BACKGROUND: Prognostic models often show poor performance when applied to independent validation data sets. We illustrate how treatment use in a validation set can affect measures of model performance and present the uses and limitations of available analytical methods to account for this using simulated data.
METHODS: We outline how the use of risk-lowering treatments in a validation set can lead to an apparent overestimation of risk by a prognostic model that was developed in a treatment-naïve cohort to make predictions of risk without treatment. Potential methods to correct for the effects of treatment use when testing or validating a prognostic model are discussed from a theoretical perspective.. Subsequently, we assess, in simulated data sets, the impact of excluding treated individuals and the use of inverse probability weighting (IPW) on the estimated model discrimination (c-index) and calibration (observed:expected ratio and calibration plots) in scenarios with different patterns and effects of treatment use.
RESULTS: Ignoring the use of effective treatments in a validation data set leads to poorer model discrimination and calibration than would be observed in the untreated target population for the model.
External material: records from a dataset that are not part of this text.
lemma completion_colouring_cube:
  assumes "v \<in> verts G"
  shows "completion_colouring N c G {v + N * s, v + N * (s XOR 2 ^ a)} = a"
proof -
  let ?e = "{v + N * s, v + N * (s XOR 2 ^ a)}"
  have v: "v < N" using assms verts_less by blast
  have "(\<lambda>x. x mod N) ` ?e = {v}" using v by simp
  then have not_copy: "(\<lambda>x. x mod N) ` ?e \<notin> edges G" using singleton_not_edge[OF simple] by simp
  have divs: "x div N = s \<or> x div N = s XOR 2 ^ a" if "x \<in> ?e" for x
    using that v by auto
  have "(THE b. \<exists>x\<in>?e. \<exists>y\<in>?e. x div N XOR y div N = 2 ^ b) = a"
  proof (rule the_equality)
    show "\<exists>x\<in>?e. \<exists>y\<in>?e. x div N XOR y div N = 2 ^ a"
      using v by (intro bexI[of _ "v + N * s"] bexI[of _ "v + N * (s XOR 2 ^ a)"]) simp_all
  next
    fix b assume "\<exists>x\<in>?e. \<exists>y\<in>?e. x div N XOR y div N = 2 ^ b"
    then obtain x y where "x \<in> ?e" "y \<in> ?e" "x div N XOR y div N = 2 ^ b" by blast
    then have "(2::nat) ^ b = 0 \<or> (2::nat) ^ b = 2 ^ a" using divs by (metis xor_self_eq xor_pow2_xor xor_xor_pow2)
    then show "b = a" by simp
  qed
  with not_copy show ?thesis unfolding completion_colouring_def by simp
qed

lemma proper_completion_colouring: "proper_edge_colouring H D (completion_colouring N c G)"
  unfolding proper_edge_colouring_def
proof (intro conjI ballI impI)
  fix e assume "e \<in> edges H"
  then show "completion_colouring N c G e < D"
  proof (cases rule: completion_edgeE)
    case (1 g s)
    then show ?thesis
      using colouring completion_colouring_copy unfolding proper_edge_colouring_def by simp
  next
    case (2 v s a)
    then show ?thesis using completion_colouring_cube by simp
  qed
next
  fix e f assume e: "e \<in> edges H" and f: "f \<in> edges H" and ef: "e \<noteq> f \<and> e \<inter> f \<noteq> {}"
  then obtain x where x: "x \<in> e" "x \<in> f" by blast
  then have "x \<in> verts H" using e edge_subset_verts[OF simple_completion] by blast
  then obtain v s where v: "x = v + N * s" "v \<in> verts G" by (rule completion_vertE)
  have xe: "v + N * s \<in> e" and xf: "v + N * s \<in> f" using x v(1) by simp_all
  show "completion_colouring N c G e \<noteq> completion_colouring N c G f"
  proof (cases rule: completion_edge_atE[OF e v(2) xe])
    case e_copy: (1 g1)
    show ?thesis
    proof (cases rule: completion_edge_atE[OF f v(2) xf])
      case (1 g2)
      then have "g1 \<noteq> g2 \<and> g1 \<inter> g2 \<noteq> {}" using e_copy ef by auto
      then show ?thesis
        using colouring e_copy 1 completion_colouring_copy unfolding proper_edge_colouring_def by simp
    next
      case (2 a)
      then have "c g1 \<noteq> a" using e_copy unfolding missing_colour_def by blast
      then show ?thesis using e_copy 2 completion_colouring_copy completion_colouring_cube v(2) by simp
    qed
  next
    case e_cube: (2 a1)
    show ?thesis
    proof (cases rule: completion_edge_atE[OF f v(2) xf])
      case (1 g)
      then have "c g \<noteq> a1" using e_cube unfolding missing_colour_def by blast
      then show ?thesis using e_cube 1 completion_colouring_copy completion_colouring_cube v(2) by simp
    next
      case (2 a2)
      then have "a1 \<noteq> a2" using e_cube ef by auto
      then show ?thesis using e_cube 2 completion_colouring_cube v(2) by simp
    qed
  qed
qed

lemma regular_completion: "regular H D"
  unfolding regular_def
proof
  fix x assume "x \<in> verts H"
  then obtain v s where x: "x = v + N * s" "v \<in> verts G" "s < 2 ^ D" by (rule completion_vertE)
  have "\<exists>e\<in>edges H. x \<in> e \<and> completion_colouring N c G e = a" if a: "a < D" for a
  proof (cases "missing_colour G c v a")
    case True
    let ?e = "{v + N * s, v + N * (s XOR 2 ^ a)}"
    have "?e \<in> cube_edges N D c G" unfolding cube_edges_def using x a True by blast
    then have "?e \<in> edges H" unfolding edges_completion by simp
    then show ?thesis using x completion_colouring_cube by (intro bexI[of _ ?e]) simp_all
  next
    case False
    then obtain g where g: "g \<in> edges G" "v \<in> g" "c g = a" unfolding missing_colour_def by blast
    let ?e = "(\<lambda>y. y + N * s) ` g"
    have "?e \<in> copy_edges N D G" unfolding copy_edges_def using g x by blast
    then have "?e \<in> edges H" unfolding edges_completion by simp
    then show ?thesis using x g completion_colouring_copy by (intro bexI[of _ ?e]) simp_all
  qed
  then show "degree H x = D" by (rule degree_eq_colours[OF proper_completion_colouring, rule_format])
qed

lemma class1_completion: "class1 H"
  using simple_completion regular_completion proper_completion_colouring
  by (rule class1_regular_colourable)

lemma weak_hom_completion_mod: "weak_hom H G (\<lambda>x. x mod N)"
  unfolding weak_hom_def
proof (intro conjI allI impI subsetI)
  fix y assume "y \<in> (\<lambda>x. x mod N) ` verts H"
  then obtain x where "x \<in> verts H" "y = x mod N" by blast
  moreover from \<open>x \<in> verts H\<close> obtain v s where "x = v + N * s" "v \<in> verts G"
    by (rule completion_vertE)
  ultimately show "y \<in> verts G" using verts_less by simp
next
  fix p q assume pq: "{p, q} \<in> edges H"
  then have "p \<in> verts H" using edge_subset_verts[OF simple_completion] by blast
  then obtain v s where p: "p = v + N * s" "v \<in> verts G" by (rule completion_vertE)
  have v: "v < N" using p(2) verts_less by blast
  have "v + N * s \<in> {p, q}" using p(1) by simp
  show "p mod N = q mod N \<or> {p mod N, q mod N} \<in> edges G"
  proof (cases rule: completion_edge_atE[OF pq p(2) \<open>v + N * s \<in> {p, q}\<close>])
    case (1 g)
    then have "(\<lambda>x. x mod N) ` {p, q} = g" using mod_image_copy[of g s] by simp
    then have "{p mod N, q mod N} = g" by simp
    then show ?thesis using 1(2) by simp
  next
    case (2 a)
    then have "q = v + N * s \<or> q = v + N * (s XOR 2 ^ a)" by (auto simp: doubleton_eq_iff)
    then show ?thesis using p(1) v by auto
  qed
qed

end

lemma ex_regular_class1_supergraph:
  fixes G :: "nat graph"
  assumes "simple_graph G" "class1 G"
  shows "\<exists>H r. simple_graph H \<and> subgraph G H \<and> regular H (max_degree G) \<and> class1 H \<and>
    weak_retraction H G r"
proof -
  obtain c where c: "proper_edge_colouring G (max_degree G) c"
    using class1_edge_colouring[OF assms] .
  define N where "N = Suc (Max (insert 0 (verts G)))"
  have "finite (verts G)" using assms(1) unfolding simple_graph_def by blast
  then have "\<forall>v\<in>verts G. v < N" unfolding N_def by (simp add: le_imp_less_Suc)
  then interpret edge_coloured_graph G N "max_degree G" c
    using assms(1) c by unfold_locales
  have "weak_retraction (completion N (max_degree G) c G) G (\<lambda>x. x mod N)"
    using weak_hom_completion_mod verts_less unfolding weak_retraction_def by simp
  then show ?thesis
    using simple_completion subgraph_completion regular_completion class1_completion by blast
qed

text \<open>The construction works for every \<open>k\<close>.\<close>
theorem lemma2:
  fixes k :: nat and G :: "nat \<Rightarrow> nat graph"
  assumes "k \<ge> 2"
    and "\<forall>i<k. simple_graph (G i) \<and> class1 (G i)"
  shows "\<exists>Gs :: nat \<Rightarrow> nat graph.
           (\<forall>i<k. simple_graph (Gs i) \<and> subgraph (G i) (Gs i) \<and>
                  regular (Gs i) (max_degree (G i)) \<and> class1 (Gs i)) \<and>
           (\<forall>e\<in>edges (cart_prod k G). \<forall>f\<in>edges (cart_prod k G).
              edge_dist (cart_prod k G) e f \<ge> 3 \<longrightarrow> edge_dist (cart_prod k Gs) e f \<ge> 3)"
proof -
  have "\<forall>i<k. \<exists>H r. simple_graph H \<and> subgraph (G i) H \<and> regular H (max_degree (G i)) \<and>
      class1 H \<and> weak_retraction H (G i) r"
    using assms(2) ex_regular_class1_supergraph by blast
  then obtain Gs r where Gs: "\<forall>i<k. simple_graph (Gs i) \<and> subgraph (G i) (Gs i) \<and>
      regular (Gs i) (max_degree (G i)) \<and> class1 (Gs i) \<and> weak_retraction (Gs i) (G i) (r i)"
    by metis
  then have "weak_retraction (cart_prod k Gs) (cart_prod k G) (coordwise r)"
    by (simp add: weak_retraction_cart_prod)
  then have "edge_dist (cart_prod k G) e f \<le> edge_dist (cart_prod k Gs) e f"
    if "e \<in> edges (cart_prod k G)" "f \<in> edges (cart_prod k G)" for e f
    using that edge_subset_verts_cart_prod by (blast intro: edge_dist_weak_retraction_le)
  with Gs show ?thesis by (intro exI[of _ Gs]) (meson order_trans)
qed

end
Excluding treated individuals provided correct estimates of model performance only when treatment was randomly allocated, although this reduced the precision of the estimates. IPW followed by exclusion of the treated individuals provided correct estimates of model performance in data sets where treatment use was either random or moderately associated with an individual's risk when the assumptions of IPW were met, but yielded incorrect estimates in the presence of non-positivity or an unobserved confounder.
CONCLUSIONS: When validating a prognostic model developed to make predictions of risk without treatment, treatment use in the validation set can bias estimates of the performance of the model in future targeted individuals, and should not be ignored. When treatment use is random, treated individuals can be excluded from the analysis. When treatment use is non-random, IPW followed by the exclusion of treated individuals is recommended, however, this method is sensitive to violations of its assumptions.